Start of Provided data
(* For any signed graphs $(G,\sigma)$ and $(H,\tau)$, $$\chi_c\big((G,\sigma)\square'(H,\tau)\big)\le 2\max\{\chi_c(G),\chi_c(H)\},$$ where $\chi_c(G),\chi_c(H)$ are the circular chromatic numbers of the underlying unsigned graphs.
   Context: A signed graph $(G,\sigma)$ is a finite graph $G$ (multiple edges allowed, no loops) with a signature $\sigma:E(G)\to\{+1,-1\}$. For real $r\ge 2$, $C^r$ is the circle of circumference $r$, $d_{C^r}(x,y)=\min\{|x-y|,r-|x-y|\}$, $\overline{x}=x+r/2\pmod r$. A circular $r$-coloring of $(G,\sigma)$ is $f:V(G)\to C^r$ with $d_{C^r}(f(u),f(v))\ge1$ for each positive edge $uv$ and $d_{C^r}(f(u),\overline{f(v)})\ge1$ for each negative edge $uv$; $\chi_c(G,\sigma)$ is the infimum of such $r\ge2$. For an unsigned graph $G$, a circular $r$-coloring requires $d_{C^r}(f(u),f(v))\ge1$ for every edge, and $\chi_c(G)$ is the infimum of such $r$. Vertex signs: fix an orientation of $G$; for $u\in V(G)$ let $\sigma(u)=\prod_{e\in E_u}\sigma(e)^{\epsilon(e,u)}$, where $E_u$ is the set of edges incident to $u$ and $\epsilon(e,u)=1$ if $e$ is oriented away from $u$ and $-1$ otherwise; similarly $\tau(x)$ for $x\in V(H)$. The Type 2 Cartesian product $(G,\sigma)\square'(H,\tau)$ has vertex set $V(G)\times V(H)$, with $(u,x)(v,y)$ an edge iff either $u=v$ and $xy\in E(H)$, or $x=y$ and $uv\in E(G)$; the edge $(u,x)(v,x)$ has sign $\sigma(uv)\tau(x)$ and the edge $(u,x)(u,y)$ has sign $\sigma(u)\tau(xy)$. *)

theory Defs
  imports Complex_Main
begin

text \<open>A signed (multi)graph with a fixed orientation: vertex set V, edge set E,
  each edge e oriented from src e to tgt e (no loops), signature sg e in {1,-1}.\<close>

definition signed_graph ::
  "'a set \<Rightarrow> 'e set \<Rightarrow> ('e \<Rightarrow> 'a) \<Rightarrow> ('e \<Rightarrow> 'a) \<Rightarrow> ('e \<Rightarrow> real) \<Rightarrow> bool" where
  "signed_graph V E src tgt sg \<longleftrightarrow> finite V \<and> finite E \<and>
     (\<forall>e\<in>E. src e \<in> V \<and> tgt e \<in> V \<and> src e \<noteq> tgt e \<and> (sg e = 1 \<or> sg e = -1))"

definition vertex_sign ::
  "'e set \<Rightarrow> ('e \<Rightarrow> 'a) \<Rightarrow> ('e \<Rightarrow> 'a) \<Rightarrow> ('e \<Rightarrow> real) \<Rightarrow> 'a \<Rightarrow> real" where
  "vertex_sign E src tgt sg u =
     (\<Prod>e\<in>{e\<in>E. src e = u \<or> tgt e = u}. sg e powi (if src e = u then 1 else -1))"

text \<open>The circle C^r represented by [0,r).\<close>
definition circ_dist :: "real \<Rightarrow> real \<Rightarrow> real \<Rightarrow> real" where
  "circ_dist r x y = min \<bar>x - y\<bar> (r - \<bar>x - y\<bar>)"

definition circ_bar :: "real \<Rightarrow> real \<Rightarrow> real" where
  "circ_bar r x = (if x + r / 2 < r then x + r / 2 else x + r / 2 - r)"

definition signed_circ_coloring ::
  "'a set \<Rightarrow> 'e set \<Rightarrow> ('e \<Rightarrow> 'a) \<Rightarrow> ('e \<Rightarrow> 'a) \<Rightarrow> ('e \<Rightarrow> real) \<Rightarrow> real \<Rightarrow> ('a \<Rightarrow> real) \<Rightarrow> bool" where
  "signed_circ_coloring V E src tgt sg r f \<longleftrightarrow> 2 \<le> r \<and> (\<forall>v\<in>V. f v \<in> {0..<r}) \<and>
     (\<forall>e\<in>E. (sg e = 1 \<longrightarrow> 1 \<le> circ_dist r (f (src e)) (f (tgt e))) \<and>
             (sg e = -1 \<longrightarrow> 1 \<le> circ_dist r (f (src e)) (circ_bar r (f (tgt e)))))"

definition signed_chi_c ::
  "'a set \<Rightarrow> 'e set \<Rightarrow> ('e \<Rightarrow> 'a) \<Rightarrow> ('e \<Rightarrow> 'a) \<Rightarrow> ('e \<Rightarrow> real) \<Rightarrow> real" where
  "signed_chi_c V E src tgt sg = Inf {r. \<exists>f. signed_circ_coloring V E src tgt sg r f}"

definition circ_coloring ::
  "'a set \<Rightarrow> 'e set \<Rightarrow> ('e \<Rightarrow> 'a) \<Rightarrow> ('e \<Rightarrow> 'a) \<Rightarrow> real \<Rightarrow> ('a \<Rightarrow> real) \<Rightarrow> bool" where
  "circ_coloring V E src tgt r f \<longleftrightarrow> 2 \<le> r \<and> (\<forall>v\<in>V. f v \<in> {0..<r}) \<and>
     (\<forall>e\<in>E. 1 \<le> circ_dist r (f (src e)) (f (tgt e)))"

definition chi_c :: "'a set \<Rightarrow> 'e set \<Rightarrow> ('e \<Rightarrow> 'a) \<Rightarrow> ('e \<Rightarrow> 'a) \<Rightarrow> real" where
  "chi_c V E src tgt = Inf {r. \<exists>f. circ_coloring V E src tgt r f}"

text \<open>Type 2 Cartesian product. Edges: Inl (e,x) = (src e,x)(tgt e,x); Inr (u,f) = (u,src f)(u,tgt f).\<close>
definition prod_edges :: "'a set \<Rightarrow> 'e set \<Rightarrow> 'b set \<Rightarrow> 'f set \<Rightarrow> (('e \<times> 'b) + ('a \<times> 'f)) set" where
  "prod_edges V1 E1 V2 E2 = (E1 \<times> V2) <+> (V1 \<times> E2)"

definition prod_src :: "('e \<Rightarrow> 'a) \<Rightarrow> ('f \<Rightarrow> 'b) \<Rightarrow> ('e \<times> 'b) + ('a \<times> 'f) \<Rightarrow> 'a \<times> 'b" where
  "prod_src src1 src2 d = (case d of Inl (e, x) \<Rightarrow> (src1 e, x) | Inr (u, f) \<Rightarrow> (u, src2 f))"

definition prod_tgt :: "('e \<Rightarrow> 'a) \<Rightarrow> ('f \<Rightarrow> 'b) \<Rightarrow> ('e \<times> 'b) + ('a \<times> 'f) \<Rightarrow> 'a \<times> 'b" where
  "prod_tgt tgt1 tgt2 d = (case d of Inl (e, x) \<Rightarrow> (tgt1 e, x) | Inr (u, f) \<Rightarrow> (u, tgt2 f))"

definition prod2_sign ::
  "'e set \<Rightarrow> ('e \<Rightarrow> 'a) \<Rightarrow> ('e \<Rightarrow> 'a) \<Rightarrow> ('e \<Rightarrow> real) \<Rightarrow>
   'f set \<Rightarrow> ('f \<Rightarrow> 'b) \<Rightarrow> ('f \<Rightarrow> 'b) \<Rightarrow> ('f \<Rightarrow> real) \<Rightarrow> ('e \<times> 'b) + ('a \<times> 'f) \<Rightarrow> real" where
  "prod2_sign E1 src1 tgt1 sg E2 src2 tgt2 tau d = (case d of
      Inl (e, x) \<Rightarrow> sg e * vertex_sign E2 src2 tgt2 tau x
    | Inr (u, f) \<Rightarrow> vertex_sign E1 src1 tgt1 sg u * tau f)"

end

theory Submission
  imports Defs
begin

text \<open>If \<open>\<phi>\<close> and \<open>\<psi>\<close> are circular \<open>r\<close>-colourings of \<open>G\<close> and \<open>H\<close> with values in \<open>[0,r)\<close>,
  then \<open>(u,x) \<mapsto> \<phi> u + \<psi> x mod r\<close> is a circular \<open>r\<close>-colouring of the unsigned product, because
  translations are isometries of \<open>C\<^sup>r\<close>. Read in \<open>C\<^sup>2\<^sup>r\<close>, any colouring with values in the half
  circle \<open>[0,r)\<close> is a \<open>2r\<close>-colouring for every signature whatsoever, so the vertex signs of the
  product play no role.\<close>

definition circ_add :: "real \<Rightarrow> real \<Rightarrow> real \<Rightarrow> real" where
  "circ_add r a b = (if a + b < r then a + b else a + b - r)"

lemma circ_add_range: "a \<in> {0..<r} \<Longrightarrow> b \<in> {0..<r} \<Longrightarrow> circ_add r a b \<in> {0..<r}"
  unfolding circ_add_def by auto

lemma circ_add_commute: "circ_add r a b = circ_add r b a"
  unfolding circ_add_def by (simp add: add.commute)

lemma circ_dist_circ_add_right:
  assumes "a \<in> {0..<r}" "b \<in> {0..<r}" "c \<in> {0..<r}"
  shows "circ_dist r (circ_add r a c) (circ_add r b c) = circ_dist r a b"
  using assms unfolding circ_add_def circ_dist_def by (auto simp: abs_if min_def)

lemma circ_dist_mono:
  assumes "a \<in> {0..<r}" "b \<in> {0..<r}" "r \<le> s" "1 \<le> circ_dist r a b"
  shows "1 \<le> circ_dist s a b"
  using assms unfolding circ_dist_def by (auto simp: abs_if min_def split: if_splits)

text \<open>For \<open>a, b \<in> [0,r)\<close> the antipode of \<open>b\<close> in \<open>C\<^sup>2\<^sup>r\<close> is \<open>b + r\<close>, at distance \<open>r - \<bar>a - b\<bar>\<close> from \<open>a\<close>.\<close>

lemma circ_dist_double:
  assumes "a \<in> {0..<r}" "b \<in> {0..<r}" "1 \<le> circ_dist r a b"
  shows "1 \<le> circ_dist (2 * r) a b"
    and "1 \<le> circ_dist (2 * r) a (circ_bar (2 * r) b)"
  using assms unfolding circ_dist_def circ_bar_def by (auto simp: abs_if min_def split: if_splits)

lemma circ_coloring_mono:
  assumes "circ_coloring V E src tgt r f" "r \<le> s" "\<forall>e\<in>E. src e \<in> V \<and> tgt e \<in> V"
  shows "circ_coloring V E src tgt s f"
  using assms unfolding circ_coloring_def by (auto intro: circ_dist_mono[of _ r _ s])

lemma signed_circ_coloring_double:
  assumes "circ_coloring V E src tgt r f" "\<forall>e\<in>E. src e \<in> V \<and> tgt e \<in> V"
  shows "signed_circ_coloring V E src tgt sg (2 * r) f"
  using assms circ_dist_double[of "f (src e)" r "f (tgt e)" for e]
  unfolding circ_coloring_def signed_circ_coloring_def by auto

lemma bdd_below_circ_colorings: "bdd_below {r. \<exists>f. circ_coloring V E src tgt r f}"
  unfolding circ_coloring_def bdd_below_def by auto

lemma bdd_below_signed_circ_colorings: "bdd_below {r. \<exists>f. signed_circ_coloring V E src tgt sg r f}"
  unfolding signed_circ_coloring_def bdd_below_def by auto

lemma circ_coloring_exists:
  assumes "finite V" and loopless: "\<forall>e\<in>E. src e \<in> V \<and> tgt e \<in> V \<and> src e \<noteq> tgt e"
  shows "\<exists>r f. circ_coloring V E src tgt r f"
proof -
  obtain h where h: "bij_betw h V {0..<card V}" using ex_bij_betw_finite_nat[OF \<open>finite V\<close>] by blast
  define r where "r = max 2 (real (card V))"
  have "circ_coloring V E src tgt r (\<lambda>v. real (h v))"
    unfolding circ_coloring_def
  proof (intro conjI ballI)
    show "2 \<le> r" unfolding r_def by simp
  next
    fix v assume "v \<in> V"
    then have "h v < card V" using h by (auto simp: bij_betw_def)
    then show "real (h v) \<in> {0..<r}" unfolding r_def by auto
  next
    fix e assume "e \<in> E"
    then have ends: "src e \<in> V" "tgt e \<in> V" "src e \<noteq> tgt e" using loopless by auto
    then have "h (src e) \<noteq> h (tgt e)" using h by (auto simp: bij_betw_def inj_on_def)
    moreover have "h (src e) < card V" "h (tgt e) < card V" using ends h by (auto simp: bij_betw_def)
    ultimately have "1 \<le> \<bar>real (h (src e)) - real (h (tgt e))\<bar>"
      and "\<bar>real (h (src e)) - real (h (tgt e))\<bar> \<le> real (card V) - 1"
      by (auto simp: abs_if)
    then show "1 \<le> circ_dist r (real (h (src e))) (real (h (tgt e)))"
      unfolding circ_dist_def r_def by auto
  qed
  then show ?thesis by blast
qed

lemma circ_coloring_prod:
  assumes phi: "circ_coloring V1 E1 src1 tgt1 r phi" and psi: "circ_coloring V2 E2 src2 tgt2 r psi"
    and ends1: "\<forall>e\<in>E1. src1 e \<in> V1 \<and> tgt1 e \<in> V1"
    and ends2: "\<forall>e\<in>E2. src2 e \<in> V2 \<and> tgt2 e \<in> V2"
  shows "circ_coloring (V1 \<times> V2) (prod_edges V1 E1 V2 E2) (prod_src src1 src2) (prod_tgt tgt1 tgt2) r
           (\<lambda>(u, x). circ_add r (phi u) (psi x))"
  unfolding circ_coloring_def
proof (intro conjI ballI)
  show "2 \<le> r" using phi unfolding circ_coloring_def by auto
next
  fix v assume "v \<in> V1 \<times> V2"
  then show "(\<lambda>(u, x). circ_add r (phi u) (psi x)) v \<in> {0..<r}"
    using phi psi circ_add_range unfolding circ_coloring_def by auto
next
  fix d assume d: "d \<in> prod_edges V1 E1 V2 E2"
  show "1 \<le> circ_dist r ((\<lambda>(u, x). circ_add r (phi u) (psi x)) (prod_src src1 src2 d))
                        ((\<lambda>(u, x). circ_add r (phi u) (psi x)) (prod_tgt tgt1 tgt2 d))"
  proof (cases d)
    case (Inl p)
    then obtain e x where "d = Inl (e, x)" "e \<in> E1" "x \<in> V2"
      using d unfolding prod_edges_def by (cases p) auto
    then show ?thesis
      using ends1 phi psi circ_dist_circ_add_right[of "phi (src1 e)" r "phi (tgt1 e)" "psi x"]
      unfolding circ_coloring_def prod_src_def prod_tgt_def by auto
  next
    case (Inr p)
    then obtain u f where "d = Inr (u, f)" "u \<in> V1" "f \<in> E2"
      using d unfolding prod_edges_def by (cases p) auto
    then show ?thesis
      using ends2 phi psi circ_dist_circ_add_right[of "psi (src2 f)" r "psi (tgt2 f)" "phi u"]
      unfolding circ_coloring_def prod_src_def prod_tgt_def by (auto simp: circ_add_commute)
  qed
qed

lemma prod_edges_ends:
  assumes "\<forall>e\<in>E1. src1 e \<in> V1 \<and> tgt1 e \<in> V1" "\<forall>e\<in>E2. src2 e \<in> V2 \<and> tgt2 e \<in> V2"
  shows "\<forall>d\<in>prod_edges V1 E1 V2 E2.
           prod_src src1 src2 d \<in> V1 \<times> V2 \<and> prod_tgt tgt1 tgt2 d \<in> V1 \<times> V2"
  using assms unfolding prod_edges_def prod_src_def prod_tgt_def by auto

lemma signed_circ_coloring_prod:
  assumes "circ_coloring V1 E1 src1 tgt1 r1 phi" "circ_coloring V2 E2 src2 tgt2 r2 psi"
    and ends1: "\<forall>e\<in>E1. src1 e \<in> V1 \<and> tgt1 e \<in> V1"
    and ends2: "\<forall>e\<in>E2. src2 e \<in> V2 \<and> tgt2 e \<in> V2"
  shows "\<exists>F. signed_circ_coloring (V1 \<times> V2) (prod_edges V1 E1 V2 E2) (prod_src src1 src2)
           (prod_tgt tgt1 tgt2) sg (2 * max r1 r2) F"
proof -
  have "circ_coloring V1 E1 src1 tgt1 (max r1 r2) phi"
    and "circ_coloring V2 E2 src2 tgt2 (max r1 r2) psi"
    using circ_coloring_mono[OF assms(1) _ ends1] circ_coloring_mono[OF assms(2) _ ends2] by simp_all
  from circ_coloring_prod[OF this ends1 ends2] prod_edges_ends[OF ends1 ends2]
  show ?thesis by (blast intro: signed_circ_coloring_double)
qed

lemma cInf_le_double_max:
  fixes A B S :: "real set"
  assumes "A \<noteq> {}" "bdd_below A" "B \<noteq> {}" "bdd_below B" "bdd_below S"
    and mem: "\<And>a b. a \<in> A \<Longrightarrow> b \<in> B \<Longrightarrow> 2 * max a b \<in> S"
  shows "Inf S \<le> 2 * max (Inf A) (Inf B)"
proof (rule ccontr)
  assume "\<not> ?thesis"
  then have "Inf A < Inf S / 2" "Inf B < Inf S / 2" by auto
  then obtain a b where a: "a \<in> A" "a < Inf S / 2" and b: "b \<in> B" "b < Inf S / 2"
    using cInf_less_iff[OF assms(1,2)] cInf_less_iff[OF assms(3,4)] by blast
  have "Inf S \<le> 2 * max a b" using cInf_lower[OF mem[OF a(1) b(1)] \<open>bdd_below S\<close>] .
  with a b show False by auto
qed

theorem theorem3:
  fixes V1 :: "'a set" and E1 :: "'e set" and src1 tgt1 :: "'e \<Rightarrow> 'a" and sg :: "'e \<Rightarrow> real"
    and V2 :: "'b set" and E2 :: "'f set" and src2 tgt2 :: "'f \<Rightarrow> 'b" and tau :: "'f \<Rightarrow> real"
  assumes "signed_graph V1 E1 src1 tgt1 sg"
    and "signed_graph V2 E2 src2 tgt2 tau"
  shows "signed_chi_c (V1 \<times> V2) (prod_edges V1 E1 V2 E2) (prod_src src1 src2) (prod_tgt tgt1 tgt2)
            (prod2_sign E1 src1 tgt1 sg E2 src2 tgt2 tau)
         \<le> 2 * max (chi_c V1 E1 src1 tgt1) (chi_c V2 E2 src2 tgt2)"
proof -
  have ends1: "\<forall>e\<in>E1. src1 e \<in> V1 \<and> tgt1 e \<in> V1"
    and ends2: "\<forall>e\<in>E2. src2 e \<in> V2 \<and> tgt2 e \<in> V2"
    using assms unfolding signed_graph_def by auto
  have nonempty1: "{r. \<exists>f. circ_coloring V1 E1 src1 tgt1 r f} \<noteq> {}"
    using assms(1) circ_coloring_exists[of V1 E1 src1 tgt1] unfolding signed_graph_def by auto
  have nonempty2: "{r. \<exists>f. circ_coloring V2 E2 src2 tgt2 r f} \<noteq> {}"
    using assms(2) circ_coloring_exists[of V2 E2 src2 tgt2] unfolding signed_graph_def by auto
  have doubled_max: "2 * max r1 r2 \<in> {r. \<exists>F. signed_circ_coloring (V1 \<times> V2) (prod_edges V1 E1 V2 E2)
      (prod_src src1 src2) (prod_tgt tgt1 tgt2) (prod2_sign E1 src1 tgt1 sg E2 src2 tgt2 tau) r F}"
    if "r1 \<in> {r. \<exists>f. circ_coloring V1 E1 src1 tgt1 r f}"
      and "r2 \<in> {r. \<exists>f. circ_coloring V2 E2 src2 tgt2 r f}"
    for r1 r2
    using that by (auto intro: signed_circ_coloring_prod[OF _ _ ends1 ends2])
  show ?thesis
    unfolding signed_chi_c_def chi_c_def
    by (rule cInf_le_double_max[OF nonempty1 bdd_below_circ_colorings nonempty2
          bdd_below_circ_colorings bdd_below_signed_circ_colorings doubled_max])
qed

end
End of Provided data
# Your goal:
Every line of the listing that holds the string "sigma" counts once. Give the total alone.

# Task response:
2